I'd bet this has a significant impact on the community. From what I've seen - experimenting with an AMD card that crashes and sends me to bed early after a bit of stable diffusing - there is a power distribution of graphics cards out there. Models that play nicely with less memory and slower cards get more attention from the hordes of anonymous copyright infringers who power the llama-wearing-tophat LORAs and checkpoints.
SDXL isn't there yet but we're getting mighty close. SD1 felt a lot like shouting words at an idiot savant to try and inspire something good. SDXL gives me the impression I'm explaining what I want to a talented but verbally challenged painter who will attempt to draw what I want. The trajectory seems to be that we'll reach something close to natural English in maybe 2-6 years and if AMD could please keep fixing crashes that'd be lovely.
But seriously, halving the model size and doubling the speed will mean a lot more people can use it. That is a big deal because some of them will spend time training in more data for specific applications and setting up tooling to work around limitations.
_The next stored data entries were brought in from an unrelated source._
lemma Re_herm_form_le:
  assumes M: "M \<in> carrier_mat n n" and v: "dim_vec v = n"
    and bound: "\<And>x. x \<in> carrier_vec n \<Longrightarrow> \<bar>x \<bullet> (M *\<^sub>v x)\<bar> \<le> c * (x \<bullet> x)"
  shows "\<bar>Re (herm_form M v)\<bar> \<le> c * (\<Sum>i<n. (cmod (v $ i))\<^sup>2)"
proof -
  let ?u = "map_vec Re v" and ?w = "map_vec Im v"
  have carrier: "?u \<in> carrier_vec n" "?w \<in> carrier_vec n"
    using v by auto
  have "?u \<bullet> ?u + ?w \<bullet> ?w = (\<Sum>i<n. Re (v $ i) * Re (v $ i) + Im (v $ i) * Im (v $ i))"
    unfolding scalar_prod_def sum.distrib[symmetric] using v by (auto simp: atLeast0LessThan)
  also have "\<dots> = (\<Sum>i<n. (cmod (v $ i))\<^sup>2)"
    unfolding cmod_power2 by (simp add: power2_eq_square)
  finally have norm: "(\<Sum>i<n. (cmod (v $ i))\<^sup>2) = ?u \<bullet> ?u + ?w \<bullet> ?w" ..
  have "\<bar>Re (herm_form M v)\<bar> \<le> \<bar>?u \<bullet> (M *\<^sub>v ?u)\<bar> + \<bar>?w \<bullet> (M *\<^sub>v ?w)\<bar>"
    unfolding Re_herm_form[OF M v] by (rule abs_triangle_ineq)
  also have "\<dots> \<le> c * (?u \<bullet> ?u) + c * (?w \<bullet> ?w)"
    by (intro add_mono bound carrier)
  finally show ?thesis
    unfolding norm distrib_left .
qed

theorem lemma11:
  fixes B :: "real mat" and ns :: "nat list" and n :: nat and \<eta> :: "complex vec"
  assumes "B \<in> carrier_mat n n"
    and "transpose_mat B = B"
    and "\<forall>s\<in>set ns. s > 0"
    and "sum_list ns = n"
    and "dim_vec \<eta> = n"
    and "sqrt (\<Sum>i<n. (cmod (\<eta> $ i))\<^sup>2) = 1"
  shows "- spectral_radius (map_mat complex_of_real B) \<le> Re (herm_form (block_lower ns B) \<eta>)
       \<and> Re (herm_form (block_lower ns B) \<eta>) \<le> spectral_radius (map_mat complex_of_real B)
       \<and> - spectral_radius (map_mat complex_of_real B) \<le> Re (herm_form (block_upper ns B) \<eta>)
       \<and> Re (herm_form (block_upper ns B) \<eta>) \<le> spectral_radius (map_mat complex_of_real B)"
proof -
  note B = assms(1) and sym = assms(2) and \<eta> = assms(5)
  have unit: "(\<Sum>i<n. (cmod (\<eta> $ i))\<^sup>2) = 1"
    using assms(6) by simp
  have "\<bar>Re (herm_form (block_lower ns B) \<eta>)\<bar> \<le> spectral_radius (map_mat complex_of_real B)"
    using Re_herm_form_le[OF _ \<eta> block_lower_form_le[OF B sym]] B unit
    by (simp add: block_lower_def)
  moreover have "\<bar>Re (herm_form (block_upper ns B) \<eta>)\<bar> \<le> spectral_radius (map_mat complex_of_real B)"
    using Re_herm_form_le[OF _ \<eta> block_upper_form_le[OF B sym]] B unit
    by (simp add: block_upper_def)
  ultimately show ?thesis
    by (simp add: abs_le_iff)
qed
A problem with SDXL is that its just different. The main prompting syntax is different, and many UIs don't even implement the positive/negative style prompting.
SD 1.5 has a ton of inertia, and ultimately its still smaller than SDXL.
I, for one, hope the llama-wearing-tophat LORAS meet the smarmy looking turtle-neck mfers who just HAD to rebind all the sane keybindings on macs in order to 'think different' and build a usability moat around their OS. And I hope they kick butt when they do. But that's just on a personal level.
I love that LLM are getting more accessible and I want that trend to continue.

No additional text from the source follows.